Records provided below:

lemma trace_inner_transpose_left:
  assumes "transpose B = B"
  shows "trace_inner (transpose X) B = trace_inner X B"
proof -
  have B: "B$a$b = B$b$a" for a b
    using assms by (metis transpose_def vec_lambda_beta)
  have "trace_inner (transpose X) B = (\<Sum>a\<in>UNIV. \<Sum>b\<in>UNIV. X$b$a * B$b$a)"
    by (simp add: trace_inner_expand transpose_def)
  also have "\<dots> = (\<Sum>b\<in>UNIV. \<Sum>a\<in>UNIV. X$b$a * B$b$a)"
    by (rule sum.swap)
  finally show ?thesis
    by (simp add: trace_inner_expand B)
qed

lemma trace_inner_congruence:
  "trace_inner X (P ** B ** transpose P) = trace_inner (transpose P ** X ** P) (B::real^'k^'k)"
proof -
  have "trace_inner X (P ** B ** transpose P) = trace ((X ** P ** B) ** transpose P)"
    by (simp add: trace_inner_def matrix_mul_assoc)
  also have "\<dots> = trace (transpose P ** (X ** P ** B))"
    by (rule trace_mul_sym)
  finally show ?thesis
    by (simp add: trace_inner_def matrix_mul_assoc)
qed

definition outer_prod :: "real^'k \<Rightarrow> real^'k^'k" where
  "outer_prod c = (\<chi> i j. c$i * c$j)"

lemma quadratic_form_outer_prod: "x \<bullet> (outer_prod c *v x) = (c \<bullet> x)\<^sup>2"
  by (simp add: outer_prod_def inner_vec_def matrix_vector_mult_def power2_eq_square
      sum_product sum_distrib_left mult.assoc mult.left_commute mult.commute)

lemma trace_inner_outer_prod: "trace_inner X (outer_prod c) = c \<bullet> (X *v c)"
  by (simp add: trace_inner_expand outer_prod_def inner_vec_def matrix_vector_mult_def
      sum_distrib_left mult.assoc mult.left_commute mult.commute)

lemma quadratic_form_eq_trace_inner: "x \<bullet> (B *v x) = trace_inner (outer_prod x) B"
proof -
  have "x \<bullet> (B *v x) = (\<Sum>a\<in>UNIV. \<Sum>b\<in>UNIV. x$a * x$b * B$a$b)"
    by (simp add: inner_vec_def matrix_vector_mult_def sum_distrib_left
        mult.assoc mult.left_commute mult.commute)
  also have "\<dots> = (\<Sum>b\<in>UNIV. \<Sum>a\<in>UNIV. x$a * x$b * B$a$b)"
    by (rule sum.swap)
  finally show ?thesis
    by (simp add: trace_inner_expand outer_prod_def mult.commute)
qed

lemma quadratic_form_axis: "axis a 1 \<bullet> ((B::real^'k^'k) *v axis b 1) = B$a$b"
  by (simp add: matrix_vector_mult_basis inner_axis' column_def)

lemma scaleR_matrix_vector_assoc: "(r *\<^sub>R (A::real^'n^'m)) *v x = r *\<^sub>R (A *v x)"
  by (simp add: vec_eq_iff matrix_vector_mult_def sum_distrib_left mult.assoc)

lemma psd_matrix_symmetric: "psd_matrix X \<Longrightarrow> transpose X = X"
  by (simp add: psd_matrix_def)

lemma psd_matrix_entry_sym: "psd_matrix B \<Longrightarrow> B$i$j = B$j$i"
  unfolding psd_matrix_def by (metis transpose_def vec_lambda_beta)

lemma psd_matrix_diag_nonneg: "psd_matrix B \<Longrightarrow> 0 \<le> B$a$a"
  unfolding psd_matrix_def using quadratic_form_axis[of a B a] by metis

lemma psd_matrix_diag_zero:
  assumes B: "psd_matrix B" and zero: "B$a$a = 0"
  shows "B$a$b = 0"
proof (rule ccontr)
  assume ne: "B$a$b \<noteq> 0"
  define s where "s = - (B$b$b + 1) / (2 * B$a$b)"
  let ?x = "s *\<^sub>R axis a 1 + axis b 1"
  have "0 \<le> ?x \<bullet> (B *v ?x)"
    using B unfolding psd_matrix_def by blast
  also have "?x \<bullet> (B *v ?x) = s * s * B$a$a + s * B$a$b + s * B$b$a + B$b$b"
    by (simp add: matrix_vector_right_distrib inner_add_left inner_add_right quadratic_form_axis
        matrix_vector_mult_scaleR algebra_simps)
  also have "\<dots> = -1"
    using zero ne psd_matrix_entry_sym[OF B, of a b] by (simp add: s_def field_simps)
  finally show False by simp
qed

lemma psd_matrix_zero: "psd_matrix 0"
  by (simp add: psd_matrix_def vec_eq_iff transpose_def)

End of Records provided.
Records provided below:

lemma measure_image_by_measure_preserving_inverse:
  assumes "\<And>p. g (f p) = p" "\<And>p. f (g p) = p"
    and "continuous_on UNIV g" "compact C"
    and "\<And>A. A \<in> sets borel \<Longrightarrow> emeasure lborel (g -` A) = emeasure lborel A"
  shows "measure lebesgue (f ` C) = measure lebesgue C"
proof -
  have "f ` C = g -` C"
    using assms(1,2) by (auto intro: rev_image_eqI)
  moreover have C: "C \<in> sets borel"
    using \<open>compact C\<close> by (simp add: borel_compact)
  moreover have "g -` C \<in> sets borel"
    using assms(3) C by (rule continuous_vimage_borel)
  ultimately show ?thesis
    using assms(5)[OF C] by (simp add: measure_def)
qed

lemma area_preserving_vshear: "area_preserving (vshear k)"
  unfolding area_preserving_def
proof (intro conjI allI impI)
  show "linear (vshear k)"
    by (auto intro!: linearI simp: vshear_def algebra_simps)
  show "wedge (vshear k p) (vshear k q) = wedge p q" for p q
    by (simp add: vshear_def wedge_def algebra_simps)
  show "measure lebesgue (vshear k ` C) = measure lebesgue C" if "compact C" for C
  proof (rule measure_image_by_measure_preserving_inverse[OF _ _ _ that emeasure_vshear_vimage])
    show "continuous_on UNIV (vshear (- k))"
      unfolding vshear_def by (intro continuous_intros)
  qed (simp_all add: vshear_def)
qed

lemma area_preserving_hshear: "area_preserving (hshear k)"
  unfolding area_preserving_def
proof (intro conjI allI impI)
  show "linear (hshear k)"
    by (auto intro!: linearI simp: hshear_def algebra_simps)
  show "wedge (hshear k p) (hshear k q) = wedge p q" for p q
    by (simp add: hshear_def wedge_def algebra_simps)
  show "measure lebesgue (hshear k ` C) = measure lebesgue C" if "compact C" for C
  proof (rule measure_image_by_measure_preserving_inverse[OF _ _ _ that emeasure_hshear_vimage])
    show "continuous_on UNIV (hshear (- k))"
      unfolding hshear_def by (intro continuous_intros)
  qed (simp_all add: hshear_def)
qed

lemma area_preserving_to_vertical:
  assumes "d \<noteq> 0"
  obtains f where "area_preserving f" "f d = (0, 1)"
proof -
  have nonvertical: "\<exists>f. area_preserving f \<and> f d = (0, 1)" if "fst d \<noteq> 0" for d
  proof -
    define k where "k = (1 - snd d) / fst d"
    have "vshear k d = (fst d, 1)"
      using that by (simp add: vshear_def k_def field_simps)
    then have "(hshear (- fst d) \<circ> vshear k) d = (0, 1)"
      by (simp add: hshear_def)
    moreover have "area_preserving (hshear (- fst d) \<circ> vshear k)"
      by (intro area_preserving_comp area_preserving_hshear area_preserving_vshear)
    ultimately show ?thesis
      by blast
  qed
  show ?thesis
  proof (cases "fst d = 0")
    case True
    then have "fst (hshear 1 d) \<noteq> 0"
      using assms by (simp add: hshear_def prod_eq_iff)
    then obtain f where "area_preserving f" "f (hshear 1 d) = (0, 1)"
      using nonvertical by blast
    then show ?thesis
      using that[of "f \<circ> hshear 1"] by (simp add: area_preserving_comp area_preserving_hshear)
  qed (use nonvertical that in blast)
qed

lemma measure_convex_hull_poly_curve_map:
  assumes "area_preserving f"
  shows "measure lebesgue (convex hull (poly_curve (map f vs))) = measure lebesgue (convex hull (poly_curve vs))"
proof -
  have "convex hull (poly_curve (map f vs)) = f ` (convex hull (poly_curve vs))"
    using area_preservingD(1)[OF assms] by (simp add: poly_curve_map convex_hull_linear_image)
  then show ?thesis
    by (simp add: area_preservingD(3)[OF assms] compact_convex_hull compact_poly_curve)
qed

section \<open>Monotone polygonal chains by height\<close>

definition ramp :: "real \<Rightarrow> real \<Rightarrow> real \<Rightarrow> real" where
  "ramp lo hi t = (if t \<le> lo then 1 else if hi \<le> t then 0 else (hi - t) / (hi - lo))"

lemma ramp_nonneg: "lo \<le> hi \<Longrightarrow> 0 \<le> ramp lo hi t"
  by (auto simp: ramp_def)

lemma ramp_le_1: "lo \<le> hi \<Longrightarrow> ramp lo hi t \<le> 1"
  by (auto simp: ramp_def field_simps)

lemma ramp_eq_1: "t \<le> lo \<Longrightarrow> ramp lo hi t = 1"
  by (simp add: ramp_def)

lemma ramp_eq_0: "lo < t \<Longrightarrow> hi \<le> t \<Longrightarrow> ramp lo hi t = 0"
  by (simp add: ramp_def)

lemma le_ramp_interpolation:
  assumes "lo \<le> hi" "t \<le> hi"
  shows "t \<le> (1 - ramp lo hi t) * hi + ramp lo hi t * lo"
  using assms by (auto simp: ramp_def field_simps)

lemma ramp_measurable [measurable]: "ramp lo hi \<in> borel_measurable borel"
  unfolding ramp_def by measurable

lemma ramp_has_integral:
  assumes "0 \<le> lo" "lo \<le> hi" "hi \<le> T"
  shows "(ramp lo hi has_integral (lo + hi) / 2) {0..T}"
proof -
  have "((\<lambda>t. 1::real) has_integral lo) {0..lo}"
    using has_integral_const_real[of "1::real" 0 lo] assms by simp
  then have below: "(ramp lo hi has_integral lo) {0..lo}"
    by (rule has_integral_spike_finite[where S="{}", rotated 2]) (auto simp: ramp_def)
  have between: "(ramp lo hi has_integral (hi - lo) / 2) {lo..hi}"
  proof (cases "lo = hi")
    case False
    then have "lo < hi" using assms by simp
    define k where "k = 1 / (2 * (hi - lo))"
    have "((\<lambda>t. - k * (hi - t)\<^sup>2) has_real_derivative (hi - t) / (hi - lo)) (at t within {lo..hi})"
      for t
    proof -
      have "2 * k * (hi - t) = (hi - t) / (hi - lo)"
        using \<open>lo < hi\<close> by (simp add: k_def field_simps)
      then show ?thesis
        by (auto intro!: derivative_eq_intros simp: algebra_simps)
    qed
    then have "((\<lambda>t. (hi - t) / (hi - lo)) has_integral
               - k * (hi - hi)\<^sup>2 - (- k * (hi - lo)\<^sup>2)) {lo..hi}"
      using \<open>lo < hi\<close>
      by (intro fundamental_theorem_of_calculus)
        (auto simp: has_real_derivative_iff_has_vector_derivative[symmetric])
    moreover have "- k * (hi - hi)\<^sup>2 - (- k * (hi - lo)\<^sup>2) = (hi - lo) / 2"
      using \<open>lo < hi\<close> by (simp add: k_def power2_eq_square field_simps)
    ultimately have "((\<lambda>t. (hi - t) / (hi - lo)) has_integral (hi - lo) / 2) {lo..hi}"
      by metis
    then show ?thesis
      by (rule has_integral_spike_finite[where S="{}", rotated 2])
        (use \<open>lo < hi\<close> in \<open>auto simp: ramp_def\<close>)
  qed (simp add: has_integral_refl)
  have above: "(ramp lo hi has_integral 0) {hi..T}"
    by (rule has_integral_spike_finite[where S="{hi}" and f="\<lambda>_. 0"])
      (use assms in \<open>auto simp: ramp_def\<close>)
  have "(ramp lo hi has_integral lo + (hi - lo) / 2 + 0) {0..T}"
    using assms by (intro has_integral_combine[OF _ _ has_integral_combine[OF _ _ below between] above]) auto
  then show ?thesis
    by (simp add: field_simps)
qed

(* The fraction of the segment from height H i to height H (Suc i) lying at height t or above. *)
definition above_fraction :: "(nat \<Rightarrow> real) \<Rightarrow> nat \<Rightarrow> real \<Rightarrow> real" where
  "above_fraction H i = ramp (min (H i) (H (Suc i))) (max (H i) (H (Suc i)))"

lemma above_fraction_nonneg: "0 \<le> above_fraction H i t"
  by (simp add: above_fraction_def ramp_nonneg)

End of Records provided.

* How to complete this task:
Your answer must be a copy of every line in the data above that holds the string "circ".

* Exercise answer:
    then have "(hshear (- fst d) \<circ> vshear k) d = (0, 1)"
    moreover have "area_preserving (hshear (- fst d) \<circ> vshear k)"
      using that[of "f \<circ> hshear 1"] by (simp add: area_preserving_comp area_preserving_hshear)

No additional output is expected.